Stwierdza, że ryzyko samobójstwa jest związane z BD.
3. Opcje leczenia dla każdej fazy choroby. Określa dostępną farmakoterapię dla każdej fazy choroby: depresji, manii i profilaktyki.
Wymienia psychoterapię jako opcję leczenia BD.
4. Przestrzeganie zasad leczenia, wycofanie się z leczenia i działania niepożądane. Podkreśla znaczenie przestrzegania zasad leczenia i stwierdza, że ryzyko nawrotu epizodu jest związane z zaniechaniem leczenia.
5. Używanie substancji w BD. Stwierdza, że substancje psychoaktywne mogą wyzwalać epizody.
6. Rozpoznawanie objawów ostrzegawczych epizodu (ang. episode warning signs, EWS). Stwierdza, że powszechne EWS to (hipo)mania i depresja.
Stwierdza, że EWS różnią się u poszczególnych osób i wskazuje na znaczenie identyfikacji osobistych sygnałów ostrzegawczych epizodu.
7. Sieci wsparcia i rola osób wspierających lub opiekunów. Opisuje osobę wspierającą jako kogoś, kto jest blisko pacjenta, jest świadomy jego BD i posiada wiedzę na temat zaburzenia.
Stwierdza, że sieć wsparcia może pomóc we wczesnym wykrywaniu epizodów.
8. Rola planu działania. Stwierdza, jak ważne jest posiadanie planu działania, który stanowi przewodnik do utrzymania dobrego samopoczucia w przypadku wykrycia epizodu EWS.
Stwierdza wspólne strategie, które pomagają zapobiegać epizodom po wykryciu EWS.
9. Znaczenie rutyny. Stwierdza, że regularne nawyki, w tym sen, mają znaczenie w BD.
Stwierdza, że regularne harmonogramy i lepsza strukturyzacja działań są kluczowe w zarządzaniu BD.
10. Informacje na temat radzenia sobie ze stresem i rozwiązywania problemów. Stwierdza, że stres odgrywa ważną rolę w nawrotach epizodów.
Stwierdza, że istnieją narzędzia, które pomagają radzić sobie ze stresem i niepokojem.
11. Czynniki ryzyka/czynniki wyzwalające epizod. Stwierdza wspólne czynniki zewnętrzne, które przyczyniają się do nawrotu epizodu.

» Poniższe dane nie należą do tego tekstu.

lemma nn_integral_sum_iid_antimono:
  fixes g :: "nat \<Rightarrow> ennreal"
  assumes "antimono g" "z \<le> z'"
  shows "(\<integral>\<^sup>+y. g y \<partial>sum_iid d z') \<le> (\<integral>\<^sup>+y. g y \<partial>sum_iid d z)"
  using assms(2)
proof (induction z' rule: dec_induct)
  case base
  then show ?case by simp
next
  case (step z')
  have "(\<integral>\<^sup>+y. g y \<partial>sum_iid d (Suc z')) = (\<integral>\<^sup>+s. (\<integral>\<^sup>+x. g (s + x) \<partial>d) \<partial>sum_iid d z')"
    by simp
  also have "\<dots> \<le> (\<integral>\<^sup>+s. (\<integral>\<^sup>+x. g s \<partial>d) \<partial>sum_iid d z')"
    using assms(1) by (intro nn_integral_mono) (simp add: antimonoD)
  also have "\<dots> = (\<integral>\<^sup>+y. g y \<partial>sum_iid d z')"
    by (simp add: measure_pmf.emeasure_space_1)
  finally show ?case using step.IH by (rule order_trans)
qed

lemma antimono_gw_kernel_extinct: "antimono (\<lambda>z. pmf (gw_kernel d t z) 0)"
proof -
  have "antimono (\<lambda>z. ennreal (pmf (gw_kernel d t z) 0))"
  proof (induction t)
    case 0
    show ?case by (auto intro!: antimonoI split: split_indicator)
  next
    case (Suc t)
    show ?case
      using nn_integral_sum_iid_antimono[OF Suc.IH]
      by (auto intro!: antimonoI simp: ennreal_pmf_bind)
  qed
  then show ?thesis by (auto intro!: antimonoI dest: antimonoD)
qed

lemma zero_in_set_sum_iid: "0 \<in> set_pmf d \<Longrightarrow> 0 \<in> set_pmf (sum_iid d z)"
  by (induction z) force+

lemma extinct_path_in_gw_gens:
  assumes "0 \<in> set_pmf d"
  shows "1 # replicate n 0 \<in> set_pmf (gw_gens d n)"
proof (induction n)
  case 0
  show ?case by simp
next
  case (Suc n)
  have "0 \<in> set_pmf (sum_iid d (last (1 # replicate n 0)))"
    by (rule zero_in_set_sum_iid[OF assms])
  then have "(1 # replicate n 0) @ [0] \<in> set_pmf (gw_gens d (Suc n))"
    using Suc by (auto intro!: bexI[of _ "1 # replicate n 0"])
  then show ?case by (simp add: replicate_append_same)
qed

lemma gw_gens_extinct_nonempty:
  assumes "0 \<in> set_pmf d" "1 \<le> n" "n \<le> m"
  shows "set_pmf (gw_gens d m) \<inter> {zs. zs ! n = 0} \<noteq> {}"
proof -
  have "(1 # replicate m 0) ! n = 0" using assms(2,3) by (cases n) auto
  then show ?thesis using extinct_path_in_gw_gens[OF assms(1), of m] by blast
qed

section \<open>Conditioning on extinction by generation n\<close>

lemma nn_integral_cond_pmf:
  assumes "set_pmf p \<inter> s \<noteq> {}"
  shows "(\<integral>\<^sup>+x. f x \<partial>cond_pmf p s) = (\<integral>\<^sup>+x. indicator s x * f x \<partial>p) / emeasure p s"
proof -
  have pos: "measure p s > 0" using assms measure_pmf_posI by (metis disjoint_iff)
  have "(\<integral>\<^sup>+x. f x \<partial>cond_pmf p s) =
        (\<integral>\<^sup>+x. ennreal (pmf p x) * (indicator s x * f x) / ennreal (measure p s) \<partial>count_space UNIV)"
    unfolding nn_integral_measure_pmf
    using pos by (intro nn_integral_cong)
      (auto simp: pmf_cond[OF assms] divide_ennreal[symmetric] ennreal_times_divide
                  ennreal_divide_times mult.assoc split: split_indicator)
  also have "\<dots> = (\<integral>\<^sup>+x. indicator s x * f x \<partial>p) / emeasure p s"
    by (simp add: nn_integral_divide nn_integral_measure_pmf measure_pmf.emeasure_eq_measure)
  finally show ?thesis .
qed

lemma nn_integral_gw_gens_extinct:
  assumes "i \<le> n"
  shows "(\<integral>\<^sup>+zs. indicator {zs. zs ! n = 0} zs * f (zs ! i) \<partial>gw_gens d n) =
         (\<integral>\<^sup>+z. f z * ennreal (pmf (gw_kernel d (n - i) z) 0) \<partial>gw_size d i)"
proof -
  have "(\<integral>\<^sup>+zs. indicator {zs. zs ! n = 0} zs * f (zs ! i) \<partial>gw_gens d n) =
        (\<integral>\<^sup>+zs. f (zs ! i) * indicator {0} (zs ! n) \<partial>gw_gens d n)"
    by (intro nn_integral_cong) (simp split: split_indicator)
  also have "\<dots> = (\<integral>\<^sup>+z. (\<integral>\<^sup>+w. f z * indicator {0} w \<partial>gw_kernel d (n - i) z) \<partial>gw_size d i)"
    by (rule nn_integral_gw_gens_pair[OF assms])
  also have "\<dots> = (\<integral>\<^sup>+z. f z * ennreal (pmf (gw_kernel d (n - i) z) 0) \<partial>gw_size d i)"
    by (simp add: nn_integral_cmult emeasure_pmf_single)
  finally show ?thesis .
qed

lemma emeasure_gw_gens_extinct:
  assumes "i \<le> n"
  shows "emeasure (gw_gens d n) {zs. zs ! n = 0} =
         (\<integral>\<^sup>+z. ennreal (pmf (gw_kernel d (n - i) z) 0) \<partial>gw_size d i)"
  using nn_integral_gw_gens_extinct[OF assms, of d "\<lambda>_. 1"] by simp

lemma nn_integral_cond_gw_gens_antimono:
  fixes f :: "nat \<Rightarrow> real"
  assumes "0 \<in> set_pmf d" "1 \<le> n" "i \<le> n" "antimono f" "\<And>z. 0 \<le> f z"
  shows "(\<integral>\<^sup>+zs. f (zs ! i) \<partial>gw_gens d n) \<le>
         (\<integral>\<^sup>+zs. f (zs ! i) \<partial>cond_pmf (gw_gens d n) {zs. zs ! n = 0})"
proof -
  let ?G = "gw_gens d n" and ?B = "{zs. zs ! n = 0}"
  let ?u = "\<lambda>z. pmf (gw_kernel d (n - i) z) 0"
  have ne: "set_pmf ?G \<inter> ?B \<noteq> {}" using gw_gens_extinct_nonempty[OF assms(1,2) order_refl] .
  then have E: "emeasure ?G ?B \<noteq> 0" "emeasure ?G ?B \<noteq> top"
    by (auto simp: measure_pmf.emeasure_eq_measure measure_pmf_zero_iff)
  have "(\<integral>\<^sup>+zs. f (zs ! i) \<partial>?G) * emeasure ?G ?B =
        (\<integral>\<^sup>+z. f z \<partial>gw_size d i) * (\<integral>\<^sup>+z. ?u z \<partial>gw_size d i)"
    by (simp only: nn_integral_nth_gw_gens[OF assms(3), where g="\<lambda>z. ennreal (f z)"]
        emeasure_gw_gens_extinct[OF assms(3)])
  also have "\<dots> \<le> (\<integral>\<^sup>+z. ennreal (f z) * ennreal (?u z) \<partial>gw_size d i)"
    using assms(4,5) antimono_gw_kernel_extinct
    by (intro nn_integral_pmf_similarly_ordered antimono_similarly_ordered) auto
  also have "\<dots> = (\<integral>\<^sup>+zs. indicator ?B zs * ennreal (f (zs ! i)) \<partial>?G)"
    by (rule nn_integral_gw_gens_extinct[OF assms(3), symmetric])
  finally have "(\<integral>\<^sup>+zs. f (zs ! i) \<partial>?G) * emeasure ?G ?B / emeasure ?G ?B \<le>
                (\<integral>\<^sup>+zs. indicator ?B zs * ennreal (f (zs ! i)) \<partial>?G) / emeasure ?G ?B"
    by (rule divide_right_mono_ennreal)
  then show ?thesis using E by (simp add: nn_integral_cond_pmf[OF ne] mult_divide_eq_ennreal)
qed

lemma nn_integral_cond_gw_gens_mono:
  fixes f :: "nat \<Rightarrow> real"
  assumes "0 \<in> set_pmf d" "1 \<le> n" "i \<le> n" "mono f" "\<And>z. 0 \<le> f z"
  shows "(\<integral>\<^sup>+zs. f (zs ! i) \<partial>cond_pmf (gw_gens d n) {zs. zs ! n = 0}) \<le>
         (\<integral>\<^sup>+zs. f (zs ! i) \<partial>gw_gens d n)"
proof -
  let ?G = "gw_gens d n" and ?B = "{zs. zs ! n = 0}"
  let ?u = "\<lambda>z. pmf (gw_kernel d (n - i) z) 0"
  have ne: "set_pmf ?G \<inter> ?B \<noteq> {}" using gw_gens_extinct_nonempty[OF assms(1,2) order_refl] .
  then have E: "emeasure ?G ?B > 0"
    using measure_pmf_zero_iff[of ?G ?B]
    by (simp add: measure_pmf.emeasure_eq_measure zero_less_measure_iff)
  have opposite: "(f x - f y) * (?u x - ?u y) \<le> 0" for x y
  proof -
    have "antimono (\<lambda>z. - f z)" using assms(4) by (auto intro!: antimonoI dest: monoD)
    from antimono_similarly_ordered[OF this antimono_gw_kernel_extinct]
    show ?thesis by (simp add: algebra_simps)
  qed
  have "(\<integral>\<^sup>+zs. indicator ?B zs * ennreal (f (zs ! i)) \<partial>?G) =
        (\<integral>\<^sup>+z. ennreal (f z) * ennreal (?u z) \<partial>gw_size d i)"
    by (rule nn_integral_gw_gens_extinct[OF assms(3)])
  also have "\<dots> \<le> (\<integral>\<^sup>+z. f z \<partial>gw_size d i) * (\<integral>\<^sup>+z. ?u z \<partial>gw_size d i)"
    using assms(5) opposite by (intro nn_integral_pmf_oppositely_ordered) auto
  also have "\<dots> = emeasure ?G ?B * (\<integral>\<^sup>+zs. f (zs ! i) \<partial>?G)"
    by (simp only: nn_integral_nth_gw_gens[OF assms(3), where g="\<lambda>z. ennreal (f z)"]
        emeasure_gw_gens_extinct[OF assms(3)] mult.commute)
  finally show ?thesis
    unfolding nn_integral_cond_pmf[OF ne] by (rule divide_le_posI_ennreal[OF E])
qed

aTematy oparte na podręczniku psychoedukacji dla BD Coloma i Viety .

Jakość informacji na temat BD oceniano jako stopień zgodności z najnowszymi wytycznymi dotyczącymi leczenia oraz wybitnymi metaanalizami i przeglądami leczenia opartego na dowodach dotyczących ostrej fazy zaburzenia. Trzynaście stwierdzeń zaczerpnięto z wytycznych dotyczących leczenia i metaanaliz do wykorzystania jako wskaźniki jakości w przeglądzie aplikacji (Tabela 2; ). Psychiatra wcześniej zaangażowany w rozwój australijskich i nowozelandzkich wytycznych praktyki klinicznej dotyczących leczenia zaburzeń dwubiegunowych ocenił i dostosował stwierdzenia pod względem dokładności i zrozumiałości. Kompleksowość i jakość informacji obliczono jako wynik odpowiednio 11 i 13 punktów, wskazując, ile z podstawowych stwierdzeń dotyczących psychoedukacji i wytycznych zostało uwzględnionych w informacjach zawartych w aplikacji.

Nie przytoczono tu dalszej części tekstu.